Stored records:
• • • • • • •

lemma closed_theta_feasible: "closed {M::real^('v::finite \<times> 'v). entries M \<in> theta_feasible E t}"
proof -
  have "closed {M::real^('v \<times> 'v). E i j \<longrightarrow> entries M i j = 0}" for i j
    by (cases "E i j") (simp_all add: closed_Collect_eq continuous_intros)
  moreover have "{M. entries M \<in> theta_feasible E t}
      = {M. entries M \<in> feasP t} \<inter> {M. \<forall>i j. E i j \<longrightarrow> entries M i j = 0}"
    by (auto simp: theta_feasible_def)
  ultimately show ?thesis
    by (simp only:) (intro closed_Int closed_feasP closed_Collect_all)
qed

lemma compact_if_closed_subset_feasP:
  assumes "closed {M::real^('v::finite \<times> 'v). entries M \<in> S}" and "S \<subseteq> feasP t"
  shows "compact {M. entries M \<in> S}"
proof -
  have "{M. entries M \<in> S} \<subseteq> cbox 0 1"
  proof
    fix M assume "M \<in> {M. entries M \<in> S}"
    then have "entries M \<in> feasP t" using assms(2) by auto
    then have "0 \<le> entries M i j \<and> entries M i j \<le> 1" for i j
      unfolding feasP_def using psd_bordered_entry_le_one by auto
    then show "M \<in> cbox 0 1"
      by (auto simp: mem_box_cart entries_def)
  qed
  then show ?thesis
    using assms(1) by (metis compact_cbox compact_Int_closed inf.absorb_iff2)
qed

lemma frob_adj_nonneg: "\<forall>i j. 0 \<le> Y i j \<Longrightarrow> 0 \<le> frob (adj E) Y"
  unfolding frob_def adj_def by (intro sum_nonneg) auto

lemma frob_adj_eq_0_iff:
  "\<forall>i j. 0 \<le> Y i j \<Longrightarrow> frob (adj E) Y = 0 \<longleftrightarrow> (\<forall>i j. E i j \<longrightarrow> Y i j = 0)"
  unfolding frob_def adj_def by (simp add: sum_nonneg_eq_0_iff sum_nonneg)

lemma Cval_le:
  assumes "Y \<in> feasP t"
  shows "Cval E t \<le> frob (adj E) Y / 2"
  unfolding Cval_def
proof (rule cInf_lower)
  show "frob (adj E) Y / 2 \<in> (\<lambda>Y. frob (adj E) Y / 2) ` feasP t"
    using assms by blast
  show "bdd_below ((\<lambda>Y. frob (adj E) Y / 2) ` feasP t)"
    by (rule bdd_belowI2[of _ 0]) (simp add: feasP_def frob_adj_nonneg)
qed

lemma Cval_attained:
  fixes E :: "'v::finite \<Rightarrow> 'v \<Rightarrow> bool"
  assumes "1 \<le> t"
  obtains Y where "Y \<in> feasP t" and "Cval E t = frob (adj E) Y / 2"
proof -
  let ?K = "{M::real^('v \<times> 'v). entries M \<in> feasP t}"
  let ?f = "\<lambda>M. frob (adj E) (entries M) / 2"
  have "compact ?K"
    by (intro compact_if_closed_subset_feasP closed_feasP) auto
  moreover have "?K \<noteq> {}"
    using ones_in_feasP[OF assms] unfolding entries_preimage_eq_empty_iff by blast
  moreover have "continuous_on ?K ?f"
    unfolding frob_def by (intro continuous_intros) auto
  ultimately obtain M where M: "M \<in> ?K" and min: "\<forall>M'\<in>?K. ?f M \<le> ?f M'"
    using continuous_attains_inf by blast
  have "Cval E t = ?f M"
    unfolding Cval_def
  proof (rule cInf_eq_minimum)
    show "?f M \<in> (\<lambda>Y. frob (adj E) Y / 2) ` feasP t"
      using M by auto
    fix v assume "v \<in> (\<lambda>Y. frob (adj E) Y / 2) ` feasP t"
    then obtain Y where "Y \<in> feasP t" and "v = frob (adj E) Y / 2"
      by blast
    then show "?f M \<le> v"
      using min[rule_format, of "\<chi> p. Y (fst p) (snd p)"] by (simp add: entries_vec_lambda)
  qed
  then show thesis
    using that M by blast
qed

lemma Cval_pos_iff:
  fixes E :: "'v::finite \<Rightarrow> 'v \<Rightarrow> bool"
  assumes "1 \<le> t"
  shows "0 < Cval E t \<longleftrightarrow> theta_feasible E t = {}"
proof
  assume pos: "0 < Cval E t"
  show "theta_feasible E t = {}"
  proof (rule ccontr)
    assume "theta_feasible E t \<noteq> {}"
    then obtain Y where "Y \<in> feasP t" and "\<forall>i j. E i j \<longrightarrow> Y i j = 0"
      unfolding theta_feasible_def by blast
    then have "Cval E t \<le> 0"
      using Cval_le[of Y t E] frob_adj_eq_0_iff[of Y E] by (simp add: feasP_def)
    with pos show False
      by simp
  qed
next
  assume empty: "theta_feasible E t = {}"
  obtain Y where Y: "Y \<in> feasP t" and Cval: "Cval E t = frob (adj E) Y / 2"
    using Cval_attained[OF assms] .
  have nonneg: "\<forall>i j. 0 \<le> Y i j"
    using Y by (simp add: feasP_def)
  have "\<not> (\<forall>i j. E i j \<longrightarrow> Y i j = 0)"
    using empty Y by (auto simp: theta_feasible_def)
  then have "frob (adj E) Y \<noteq> 0"
    by (simp add: frob_adj_eq_0_iff[OF nonneg])
  then show "0 < Cval E t"
    using Cval frob_adj_nonneg[OF nonneg, of E] by simp
qed

lemma theta_minus_le:
  assumes "theta_feasible E t \<noteq> {}"
  shows "theta_minus E \<le> t"
  unfolding theta_minus_eq_Inf
proof (rule cInf_lower)
  show "t \<in> {t. theta_feasible E t \<noteq> {}}"
    using assms by simp
  show "bdd_below {t. theta_feasible E t \<noteq> {}}"
    by (rule bdd_belowI[of _ 0]) (auto simp: theta_feasible_def feasP_def psd_bordered_corner_nonneg)
qed

lemma theta_feasible_theta_minus:
  fixes E :: "'v::finite \<Rightarrow> 'v \<Rightarrow> bool"
  assumes "simple_graph E"
  shows "theta_feasible E (theta_minus E) \<noteq> {}"
proof -
  define Z where "Z s = {M::real^('v \<times> 'v). entries M \<in> theta_feasible E s}" for s
  have Z_mono: "Z s \<subseteq> Z s'" if "s \<le> s'" for s s'
    using theta_feasible_mono[OF that] by (auto simp: Z_def)
  have "\<Inter> (Z ` {s. theta_minus E < s}) \<noteq> {}"
  proof (rule compact_chain)
    show "compact S" if "S \<in> Z ` {s. theta_minus E < s}" for S
      using that compact_if_closed_subset_feasP[OF closed_theta_feasible theta_feasible_subset_feasP]
      unfolding Z_def by blast
    show "{} \<notin> Z ` {s. theta_minus E < s}"
    proof
      assume "{} \<in> Z ` {s. theta_minus E < s}"
      then obtain s where "theta_minus E < s" and "Z s = {}"
        by auto
      moreover obtain s\<^sub>0 where "theta_feasible E s\<^sub>0 \<noteq> {}" and "s\<^sub>0 < s"
        using cInf_lessD[of "{t. theta_feasible E t \<noteq> {}}" s] identity_in_theta_feasible[OF assms]
          \<open>theta_minus E < s\<close> unfolding theta_minus_eq_Inf by blast
      ultimately show False
        using theta_feasible_mono[of s\<^sub>0 s E] unfolding Z_def entries_preimage_eq_empty_iff by auto
    qed
    show "S \<subseteq> T \<or> T \<subseteq> S" if "S \<in> Z ` {s. theta_minus E < s} \<and> T \<in> Z ` {s. theta_minus E < s}"
      for S T
      using that Z_mono by (metis image_iff linear)
  qed
  then obtain M where M: "\<forall>s>theta_minus E. entries M \<in> theta_feasible E s"
    by (auto simp: Z_def)
  then have "entries M \<in> theta_feasible E (theta_minus E + 1)"
    by simp
  moreover have "psd (bordered (entries M) (theta_minus E))"
    using M by (intro psd_bordered_of_gt) (simp add: theta_feasible_def feasP_def)
  ultimately have "entries M \<in> theta_feasible E (theta_minus E)"
    by (simp add: theta_feasible_def feasP_def)
  then show ?thesis
    by blast
qed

• • • • • • •

What you have to do: Using the records above, restate word for word the lines from the one with "using that compact_if_closed_subset_feasP[OF" through the one with "ultimately show False", both included.

Exercise answer:
      using that compact_if_closed_subset_feasP[OF closed_theta_feasible theta_feasible_subset_feasP]
      unfolding Z_def by blast
    show "{} \<notin> Z ` {s. theta_minus E < s}"
    proof
      assume "{} \<in> Z ` {s. theta_minus E < s}"
      then obtain s where "theta_minus E < s" and "Z s = {}"
        by auto
      moreover obtain s\<^sub>0 where "theta_feasible E s\<^sub>0 \<noteq> {}" and "s\<^sub>0 < s"
        using cInf_lessD[of "{t. theta_feasible E t \<noteq> {}}" s] identity_in_theta_feasible[OF assms]
          \<open>theta_minus E < s\<close> unfolding theta_minus_eq_Inf by blast
      ultimately show False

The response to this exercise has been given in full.